# PROBLEM TO SOLVE
Would you filter these records and copy every line that has the word "hcat"?

# EXTRACTED MATERIAL
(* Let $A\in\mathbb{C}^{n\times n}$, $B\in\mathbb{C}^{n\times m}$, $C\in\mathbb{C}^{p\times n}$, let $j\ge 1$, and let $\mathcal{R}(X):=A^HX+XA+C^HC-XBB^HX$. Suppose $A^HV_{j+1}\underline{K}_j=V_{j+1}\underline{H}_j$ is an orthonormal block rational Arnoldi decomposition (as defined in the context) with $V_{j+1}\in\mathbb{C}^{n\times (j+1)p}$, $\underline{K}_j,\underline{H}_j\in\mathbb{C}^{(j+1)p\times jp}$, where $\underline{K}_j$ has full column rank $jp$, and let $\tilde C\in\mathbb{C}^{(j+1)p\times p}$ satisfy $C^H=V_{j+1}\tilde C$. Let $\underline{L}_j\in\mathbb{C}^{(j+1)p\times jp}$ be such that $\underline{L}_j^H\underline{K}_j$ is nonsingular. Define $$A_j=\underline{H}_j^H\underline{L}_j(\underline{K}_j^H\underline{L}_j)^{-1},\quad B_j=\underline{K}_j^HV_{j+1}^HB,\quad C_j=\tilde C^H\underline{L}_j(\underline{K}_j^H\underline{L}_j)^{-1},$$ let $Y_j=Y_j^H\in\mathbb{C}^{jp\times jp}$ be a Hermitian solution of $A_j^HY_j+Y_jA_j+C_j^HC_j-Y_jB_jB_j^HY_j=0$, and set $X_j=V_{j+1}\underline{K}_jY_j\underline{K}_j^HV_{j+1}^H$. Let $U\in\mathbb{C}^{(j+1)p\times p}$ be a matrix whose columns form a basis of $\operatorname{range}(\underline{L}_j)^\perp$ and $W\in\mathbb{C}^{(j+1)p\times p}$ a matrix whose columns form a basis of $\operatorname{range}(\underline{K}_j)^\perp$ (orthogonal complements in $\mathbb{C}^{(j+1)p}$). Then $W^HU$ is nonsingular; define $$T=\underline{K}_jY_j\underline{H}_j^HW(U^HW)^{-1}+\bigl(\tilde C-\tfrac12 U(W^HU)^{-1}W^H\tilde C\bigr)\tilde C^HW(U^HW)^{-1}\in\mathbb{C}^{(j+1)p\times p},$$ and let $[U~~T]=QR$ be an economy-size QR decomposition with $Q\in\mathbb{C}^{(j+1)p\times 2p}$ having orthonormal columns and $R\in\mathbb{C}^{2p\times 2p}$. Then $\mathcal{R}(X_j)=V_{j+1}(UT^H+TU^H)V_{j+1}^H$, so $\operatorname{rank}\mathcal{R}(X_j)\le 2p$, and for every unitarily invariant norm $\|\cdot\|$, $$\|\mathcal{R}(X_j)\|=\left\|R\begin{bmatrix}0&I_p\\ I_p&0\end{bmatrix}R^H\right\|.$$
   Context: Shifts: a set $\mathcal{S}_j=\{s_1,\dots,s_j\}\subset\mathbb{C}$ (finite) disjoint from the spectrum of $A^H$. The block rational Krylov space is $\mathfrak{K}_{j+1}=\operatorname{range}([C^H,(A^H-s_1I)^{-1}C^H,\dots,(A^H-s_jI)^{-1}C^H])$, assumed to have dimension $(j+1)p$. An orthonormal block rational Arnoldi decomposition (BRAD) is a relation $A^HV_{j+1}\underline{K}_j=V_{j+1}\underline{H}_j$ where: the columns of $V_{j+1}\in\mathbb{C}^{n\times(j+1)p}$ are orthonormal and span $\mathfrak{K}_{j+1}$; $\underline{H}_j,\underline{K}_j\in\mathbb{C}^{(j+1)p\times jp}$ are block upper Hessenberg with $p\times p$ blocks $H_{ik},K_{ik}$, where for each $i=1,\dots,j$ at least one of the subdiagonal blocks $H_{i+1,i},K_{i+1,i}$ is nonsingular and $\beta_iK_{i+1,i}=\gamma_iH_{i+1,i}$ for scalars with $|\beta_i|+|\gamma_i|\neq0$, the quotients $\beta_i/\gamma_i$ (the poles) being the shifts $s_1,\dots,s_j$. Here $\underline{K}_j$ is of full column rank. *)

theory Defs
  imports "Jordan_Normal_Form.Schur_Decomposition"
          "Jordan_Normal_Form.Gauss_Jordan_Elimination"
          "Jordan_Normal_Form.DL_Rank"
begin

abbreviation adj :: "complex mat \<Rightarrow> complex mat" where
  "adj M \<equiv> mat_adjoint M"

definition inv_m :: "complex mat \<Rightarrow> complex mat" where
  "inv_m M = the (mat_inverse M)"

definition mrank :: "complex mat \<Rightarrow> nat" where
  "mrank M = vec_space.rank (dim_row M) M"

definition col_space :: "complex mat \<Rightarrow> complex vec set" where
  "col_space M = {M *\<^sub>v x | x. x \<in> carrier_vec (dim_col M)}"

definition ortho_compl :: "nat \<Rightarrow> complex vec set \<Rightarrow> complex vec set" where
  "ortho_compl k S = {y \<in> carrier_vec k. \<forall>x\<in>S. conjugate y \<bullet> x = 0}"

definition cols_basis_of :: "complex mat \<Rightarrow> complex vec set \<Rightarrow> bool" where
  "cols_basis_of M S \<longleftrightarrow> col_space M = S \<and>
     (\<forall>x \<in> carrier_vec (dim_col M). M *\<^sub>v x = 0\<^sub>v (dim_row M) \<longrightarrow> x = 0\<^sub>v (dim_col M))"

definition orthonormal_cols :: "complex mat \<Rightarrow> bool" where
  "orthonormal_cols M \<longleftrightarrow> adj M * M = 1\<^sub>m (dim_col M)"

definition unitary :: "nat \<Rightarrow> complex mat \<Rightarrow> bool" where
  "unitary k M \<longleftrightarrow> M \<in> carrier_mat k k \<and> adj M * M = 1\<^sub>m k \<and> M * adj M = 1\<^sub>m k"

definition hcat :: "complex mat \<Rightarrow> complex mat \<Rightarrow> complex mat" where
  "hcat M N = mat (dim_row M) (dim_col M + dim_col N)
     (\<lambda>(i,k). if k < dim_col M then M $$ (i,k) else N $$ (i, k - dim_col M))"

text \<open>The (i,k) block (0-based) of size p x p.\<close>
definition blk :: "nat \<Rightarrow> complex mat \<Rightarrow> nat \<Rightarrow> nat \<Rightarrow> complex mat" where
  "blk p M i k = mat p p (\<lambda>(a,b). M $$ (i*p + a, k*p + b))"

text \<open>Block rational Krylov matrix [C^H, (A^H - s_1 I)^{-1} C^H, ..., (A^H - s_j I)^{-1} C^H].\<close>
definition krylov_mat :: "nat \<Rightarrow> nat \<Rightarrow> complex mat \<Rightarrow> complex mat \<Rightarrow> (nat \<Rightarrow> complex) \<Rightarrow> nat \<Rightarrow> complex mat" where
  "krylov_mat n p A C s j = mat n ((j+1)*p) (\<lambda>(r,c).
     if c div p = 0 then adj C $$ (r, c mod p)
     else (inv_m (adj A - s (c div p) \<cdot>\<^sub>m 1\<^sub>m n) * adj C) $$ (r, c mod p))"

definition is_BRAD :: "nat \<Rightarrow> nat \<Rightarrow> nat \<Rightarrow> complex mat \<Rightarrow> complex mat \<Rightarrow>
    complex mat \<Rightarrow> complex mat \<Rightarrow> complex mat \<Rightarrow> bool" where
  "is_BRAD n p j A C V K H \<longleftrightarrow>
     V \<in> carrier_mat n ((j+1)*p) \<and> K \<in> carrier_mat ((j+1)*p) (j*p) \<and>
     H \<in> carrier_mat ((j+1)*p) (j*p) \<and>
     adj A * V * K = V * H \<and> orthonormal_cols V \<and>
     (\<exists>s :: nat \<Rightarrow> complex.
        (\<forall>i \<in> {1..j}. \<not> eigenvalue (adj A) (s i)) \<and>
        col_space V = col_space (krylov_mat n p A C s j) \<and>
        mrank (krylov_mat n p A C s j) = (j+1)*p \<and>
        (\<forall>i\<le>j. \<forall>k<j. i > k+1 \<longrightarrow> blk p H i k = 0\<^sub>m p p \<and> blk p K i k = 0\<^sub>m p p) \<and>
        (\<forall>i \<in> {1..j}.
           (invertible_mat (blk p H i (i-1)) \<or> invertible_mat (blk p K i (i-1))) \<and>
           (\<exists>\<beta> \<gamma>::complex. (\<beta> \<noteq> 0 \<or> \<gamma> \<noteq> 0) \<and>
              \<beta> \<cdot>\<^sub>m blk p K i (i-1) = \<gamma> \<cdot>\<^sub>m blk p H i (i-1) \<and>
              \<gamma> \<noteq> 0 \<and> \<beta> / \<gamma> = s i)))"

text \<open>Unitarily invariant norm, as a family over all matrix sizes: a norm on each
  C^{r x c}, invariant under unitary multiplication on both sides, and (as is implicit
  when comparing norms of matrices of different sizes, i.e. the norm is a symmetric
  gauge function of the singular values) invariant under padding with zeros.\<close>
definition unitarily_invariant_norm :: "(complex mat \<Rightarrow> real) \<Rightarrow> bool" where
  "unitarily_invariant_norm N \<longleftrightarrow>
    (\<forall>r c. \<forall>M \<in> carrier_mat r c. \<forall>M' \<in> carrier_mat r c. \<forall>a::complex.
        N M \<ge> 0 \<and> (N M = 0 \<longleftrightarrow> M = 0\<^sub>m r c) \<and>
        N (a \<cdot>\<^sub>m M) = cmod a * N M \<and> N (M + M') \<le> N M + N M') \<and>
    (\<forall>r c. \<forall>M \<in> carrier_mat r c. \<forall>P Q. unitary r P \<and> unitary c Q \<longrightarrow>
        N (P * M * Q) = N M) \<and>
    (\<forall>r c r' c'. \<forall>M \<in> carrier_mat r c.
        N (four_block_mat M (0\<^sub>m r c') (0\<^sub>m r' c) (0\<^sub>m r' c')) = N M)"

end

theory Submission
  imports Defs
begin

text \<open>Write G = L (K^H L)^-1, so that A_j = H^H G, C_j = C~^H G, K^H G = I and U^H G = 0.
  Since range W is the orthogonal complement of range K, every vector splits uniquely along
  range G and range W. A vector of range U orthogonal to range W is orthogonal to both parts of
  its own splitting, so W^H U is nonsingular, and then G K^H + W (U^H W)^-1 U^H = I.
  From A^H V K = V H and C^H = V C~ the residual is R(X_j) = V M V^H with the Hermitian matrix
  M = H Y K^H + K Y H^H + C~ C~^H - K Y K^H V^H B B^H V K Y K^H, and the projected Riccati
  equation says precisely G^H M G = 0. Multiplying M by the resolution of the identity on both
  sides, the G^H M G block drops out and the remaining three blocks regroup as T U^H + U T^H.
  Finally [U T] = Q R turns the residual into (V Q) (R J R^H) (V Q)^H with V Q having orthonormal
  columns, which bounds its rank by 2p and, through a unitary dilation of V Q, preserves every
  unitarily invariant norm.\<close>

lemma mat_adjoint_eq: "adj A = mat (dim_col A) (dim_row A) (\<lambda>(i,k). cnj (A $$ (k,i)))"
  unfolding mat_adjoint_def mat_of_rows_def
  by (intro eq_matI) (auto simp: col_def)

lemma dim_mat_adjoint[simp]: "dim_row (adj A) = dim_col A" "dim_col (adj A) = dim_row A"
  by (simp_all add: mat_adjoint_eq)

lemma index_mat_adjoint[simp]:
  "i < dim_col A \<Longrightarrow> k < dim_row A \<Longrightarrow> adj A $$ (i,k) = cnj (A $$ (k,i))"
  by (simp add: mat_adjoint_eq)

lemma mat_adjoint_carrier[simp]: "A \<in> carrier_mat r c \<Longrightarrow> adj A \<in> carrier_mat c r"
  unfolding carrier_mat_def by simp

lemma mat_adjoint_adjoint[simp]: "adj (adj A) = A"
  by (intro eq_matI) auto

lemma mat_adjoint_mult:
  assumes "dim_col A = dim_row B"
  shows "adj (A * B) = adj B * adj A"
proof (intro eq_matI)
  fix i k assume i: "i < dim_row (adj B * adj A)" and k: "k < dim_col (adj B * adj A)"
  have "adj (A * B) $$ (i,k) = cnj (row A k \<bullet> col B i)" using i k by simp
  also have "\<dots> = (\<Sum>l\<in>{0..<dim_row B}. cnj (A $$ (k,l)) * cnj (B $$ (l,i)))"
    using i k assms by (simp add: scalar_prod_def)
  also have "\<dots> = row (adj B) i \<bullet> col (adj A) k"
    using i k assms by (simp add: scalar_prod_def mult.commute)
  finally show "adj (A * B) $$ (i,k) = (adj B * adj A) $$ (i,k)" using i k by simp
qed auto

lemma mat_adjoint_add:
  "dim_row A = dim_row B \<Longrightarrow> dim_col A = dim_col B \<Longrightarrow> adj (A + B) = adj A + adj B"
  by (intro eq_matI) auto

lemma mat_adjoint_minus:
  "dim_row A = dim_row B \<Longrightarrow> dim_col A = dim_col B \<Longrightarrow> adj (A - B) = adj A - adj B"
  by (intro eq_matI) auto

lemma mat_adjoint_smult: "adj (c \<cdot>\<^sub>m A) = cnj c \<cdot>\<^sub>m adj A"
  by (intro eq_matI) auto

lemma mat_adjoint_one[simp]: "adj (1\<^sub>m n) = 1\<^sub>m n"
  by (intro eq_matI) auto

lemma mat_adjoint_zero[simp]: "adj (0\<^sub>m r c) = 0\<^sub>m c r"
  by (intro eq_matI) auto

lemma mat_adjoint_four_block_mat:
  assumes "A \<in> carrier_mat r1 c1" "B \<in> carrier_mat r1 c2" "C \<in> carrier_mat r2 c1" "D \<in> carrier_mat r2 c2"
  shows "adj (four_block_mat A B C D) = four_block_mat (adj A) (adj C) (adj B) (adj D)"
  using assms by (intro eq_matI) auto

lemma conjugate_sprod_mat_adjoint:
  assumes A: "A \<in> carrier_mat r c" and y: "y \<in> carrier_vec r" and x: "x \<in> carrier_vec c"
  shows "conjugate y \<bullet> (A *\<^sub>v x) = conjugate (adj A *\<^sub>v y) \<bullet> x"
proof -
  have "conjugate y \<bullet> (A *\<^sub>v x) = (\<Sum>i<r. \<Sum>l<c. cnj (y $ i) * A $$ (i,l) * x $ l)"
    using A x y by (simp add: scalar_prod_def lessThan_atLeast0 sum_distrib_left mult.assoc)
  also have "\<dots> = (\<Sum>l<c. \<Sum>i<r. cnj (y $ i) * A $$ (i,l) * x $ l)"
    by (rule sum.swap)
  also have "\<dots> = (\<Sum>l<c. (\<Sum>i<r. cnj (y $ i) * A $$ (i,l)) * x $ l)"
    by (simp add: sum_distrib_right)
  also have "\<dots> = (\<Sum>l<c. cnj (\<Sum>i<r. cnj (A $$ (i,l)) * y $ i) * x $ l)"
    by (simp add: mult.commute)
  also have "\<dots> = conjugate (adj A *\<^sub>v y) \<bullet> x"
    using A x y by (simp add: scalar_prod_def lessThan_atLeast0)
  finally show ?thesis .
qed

# WRITTEN SOLUTION
definition hcat :: "complex mat \<Rightarrow> complex mat \<Rightarrow> complex mat" where
  "hcat M N = mat (dim_row M) (dim_col M + dim_col N)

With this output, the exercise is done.